4.1.1. Active travel after the motorway: impacts on walking and cycling
The motorway was associated by some participants with experiential changes in their active travel due to either the physical structure of the road or its impacts on local traffic. These changes ranged from positive to negative, depending largely on whether local traffic was perceived to have increased or decreased or whether the new infrastructure constituted a new barrier or overcame an existing one. In respect of active travel participants tended not to describe straightforward physical severance, i.e. changing their travel patterns to avoid a barrier presented by the motorway itself. However, some did describe changes to the experience or character of their active travel. Changes in noise, pollution, safety, and general changes to the aesthetic experience of walking were raised by a few residents both in positive and negative terms. Within the photo elicitation interviews, active travel routes pictured and described by residents included a mixture of routes that did and did not cross the motorway. Active travel journeys crossing over (Govanhill, Fig. 2) or under (Farme Cross/Rutherglen, Fig. 3) the motorway included journeys to access grocery stores, to commute to work, and to visit friends (although most journeys described were utilitarian in nature). The majority of these journeys were described as unchanged or positive, with the exception of two photo elicitation participants who described their journey as less pleasant due to noise or fumes:
Participant: It just makes it a little bit more noisier and, obviously, pollution from the petrol fumes … well, that's changed it.”
Male, 51–65, Rutherglen
Some changes to pedestrian infrastructure associated with the motorway were described as alleviating rather than causing severance. For example, a new footbridge over the motorway was considered by several residents to be an improvement over existing infrastructure that crossed the railway, creating a safer, more open, well-lit place to cross - in effect, mitigating an existing line of severance along the railway line:
I think they've actually improved the kinda bridge over … it's better now, than what it was. It used to be a kinda wee enclosed space like.
Male, 51–65, Govanhill
The new footbridge was cited by one participant as motivating their partner to walk more often when travelling between Govanhill and a nearby neighbourhood due to the improved personal safety associated with the new crossing point. This echoes findings from Sahlqvist et al. (2015) to the effect that pedestrian infrastructure that bridges existing severance features can act as “living landmarks” to encourage active travel.
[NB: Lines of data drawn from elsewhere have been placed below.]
lemma Polygamma_bound:
  assumes "k \<ge> 1" "y \<ge> (1::real)"
  shows "\<bar>Polygamma k y\<bar> \<le> 2 * fact k / y"
proof -
  \<comment> \<open>Compare the series for the k-th polygamma function termwise with a telescoping series.\<close>
  define S where "S = (-1) ^ Suc k * Polygamma k y / fact k"
  have sums: "(\<lambda>j. inverse ((y + real j) ^ Suc k)) sums S"
    unfolding S_def using assms by (intro Polygamma_LIMSEQ) auto
  have lim: "(\<lambda>j. 2 / (y + real j)) \<longlonglongrightarrow> 0"
    by (intro tendsto_divide_0[OF tendsto_const] filterlim_at_top_imp_at_infinity
        filterlim_tendsto_add_at_top[OF tendsto_const filterlim_real_sequentially])
  have telescope: "(\<lambda>j. 2 / (y + real j) - 2 / (y + real (Suc j))) sums (2 / y)"
    using telescope_sums'[OF lim] by simp
  have "inverse ((y + real j) ^ Suc k) \<le> 2 / (y + real j) - 2 / (y + real (Suc j))" for j
  proof -
    define t where "t = y + real j"
    have "t \<ge> 1" using assms by (simp add: t_def)
    then have "t \<le> t * t"
      using mult_left_mono[of 1 t t] by simp
    then have "t * (t + 1) \<le> 2 * t ^ 2"
      by (simp add: power2_eq_square algebra_simps)
    have "inverse (t ^ Suc k) \<le> inverse (t ^ 2)"
      using \<open>t \<ge> 1\<close> assms(1) by (intro le_imp_inverse_le power_increasing) auto
    also have "\<dots> = 2 / (2 * t ^ 2)"
      by (simp add: inverse_eq_divide)
    also have "\<dots> \<le> 2 / (t * (t + 1))"
      using \<open>t * (t + 1) \<le> 2 * t ^ 2\<close> by (rule divide_left_mono) (use \<open>t \<ge> 1\<close> in simp_all)
    also have "\<dots> = 2 / t - 2 / (t + 1)"
      using \<open>t \<ge> 1\<close> by (simp add: field_simps)
    finally show ?thesis by (simp add: t_def add_ac)
  qed
  then have "S \<le> 2 / y"
    using sums_le[OF _ sums telescope] by simp
  moreover have "0 \<le> S"
    using sums_le[OF _ sums_zero sums] assms by simp
  have "\<bar>Polygamma k y\<bar> = fact k * \<bar>S\<bar>"
    by (simp add: S_def abs_mult)
  also have "\<dots> = fact k * S"
    using \<open>0 \<le> S\<close> by simp
  also have "\<dots> \<le> fact k * (2 / y)"
    using \<open>S \<le> 2 / y\<close> by (rule mult_left_mono) simp
  finally show ?thesis
    by (simp add: mult.commute)
qed

lemma Polygamma_tendsto_0_at_top:
  assumes "k \<ge> 1"
  shows "(Polygamma k \<longlongrightarrow> (0::real)) at_top"
proof (rule Lim_null_comparison)
  show "eventually (\<lambda>y. norm (Polygamma k y) \<le> 2 * fact k / y) at_top"
    using eventually_ge_at_top[of "1::real"] by eventually_elim (simp add: Polygamma_bound[OF assms])
  show "((\<lambda>y::real. 2 * fact k / y) \<longlongrightarrow> 0) at_top"
    by (intro tendsto_divide_0[OF tendsto_const] filterlim_at_top_imp_at_infinity filterlim_ident)
qed

lemma derivs_vanish_at_top_Polygamma: "m \<ge> 1 \<Longrightarrow> derivs_vanish_at_top (Polygamma m)"
  unfolding derivs_vanish_at_top_def
  by (intro exI[of _ "\<lambda>n. Polygamma (m + n)"] conjI higher_derivs_on_pos_Polygamma allI
      Polygamma_tendsto_0_at_top) simp

lemma derivs_vanish_at_top_tendsto_0:
  assumes "derivs_vanish_at_top f"
  shows "(f \<longlongrightarrow> 0) at_top"
proof -
  obtain D where D: "higher_derivs_on_pos f D" "(D 0 \<longlongrightarrow> 0) at_top"
    using assms unfolding derivs_vanish_at_top_def by blast
  have ev: "eventually (\<lambda>x. D 0 x = f x) at_top"
    using eventually_gt_at_top[of "0::real"]
    by eventually_elim (use D(1) in \<open>simp add: higher_derivs_on_pos_def\<close>)
  show ?thesis
    using tendsto_cong[OF ev] D(2) by simp
qed

lemma nonneg_if_unit_steps_decreasing:
  fixes u :: "real \<Rightarrow> real"
  assumes "\<And>y. y \<ge> x \<Longrightarrow> u (y + 1) \<le> u y" "(u \<longlongrightarrow> 0) at_top"
  shows "0 \<le> u x"
proof -
  have "u (x + real N) \<le> u x" for N
  proof (induction N)
    case (Suc N)
    have "u (x + real (Suc N)) \<le> u (x + real N)"
      using assms(1)[of "x + real N"] by (simp add: add_ac)
    with Suc.IH show ?case by simp
  qed simp
  moreover have "(\<lambda>N. u (x + real N)) \<longlonglongrightarrow> 0"
    by (rule filterlim_compose[OF assms(2)])
      (rule filterlim_tendsto_add_at_top[OF tendsto_const filterlim_real_sequentially])
  ultimately show ?thesis
    by (intro LIMSEQ_le_const2[of "\<lambda>N. u (x + real N)"]) auto
qed

lemma le_if_unit_steps_le:
  fixes F B :: "real \<Rightarrow> real"
  assumes "\<And>y. y \<ge> x \<Longrightarrow> F y - F (y + 1) \<le> B y - B (y + 1)"
    and "(F \<longlongrightarrow> 0) at_top" "(B \<longlongrightarrow> 0) at_top"
  shows "F x \<le> B x"
proof -
  have "((\<lambda>y. B y - F y) \<longlongrightarrow> 0) at_top"
    using tendsto_diff[OF assms(3,2)] by simp
  then have "0 \<le> B x - F x"
  proof (rule nonneg_if_unit_steps_decreasing[of x "\<lambda>y. B y - F y", rotated])
    show "B (y + 1) - F (y + 1) \<le> B y - F y" if "x \<le> y" for y
      using assms(1)[OF that] by simp
  qed
  then show ?thesis by simp
qed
Additionally, in areas where traffic on surface roads had decreased, this was perceived as creating a more pleasant environment with the potential to increase local connectivity:
I think the motorway certainly would've changed the character [of the local area] because we don't get as much through traffic now … and it's much easier tae get out and about and crossing roads and things like that.
Male, 51–65, Rutherglen
Although overall numbers of cyclists were low amongst residents, changes to associated cycling infrastructure were not viewed as positively, especially around the motorway junction in Govanhill. This area was perceived by some as having become more hazardous due to increased traffic volume and changed configurations of cycle lanes, although participants did not report altering their cycling practices because of this:
where there used to be a bike lane there isn't one now. So yeah, that's changed and that's definitely more dangerous ‘cos the density of traffic has increased.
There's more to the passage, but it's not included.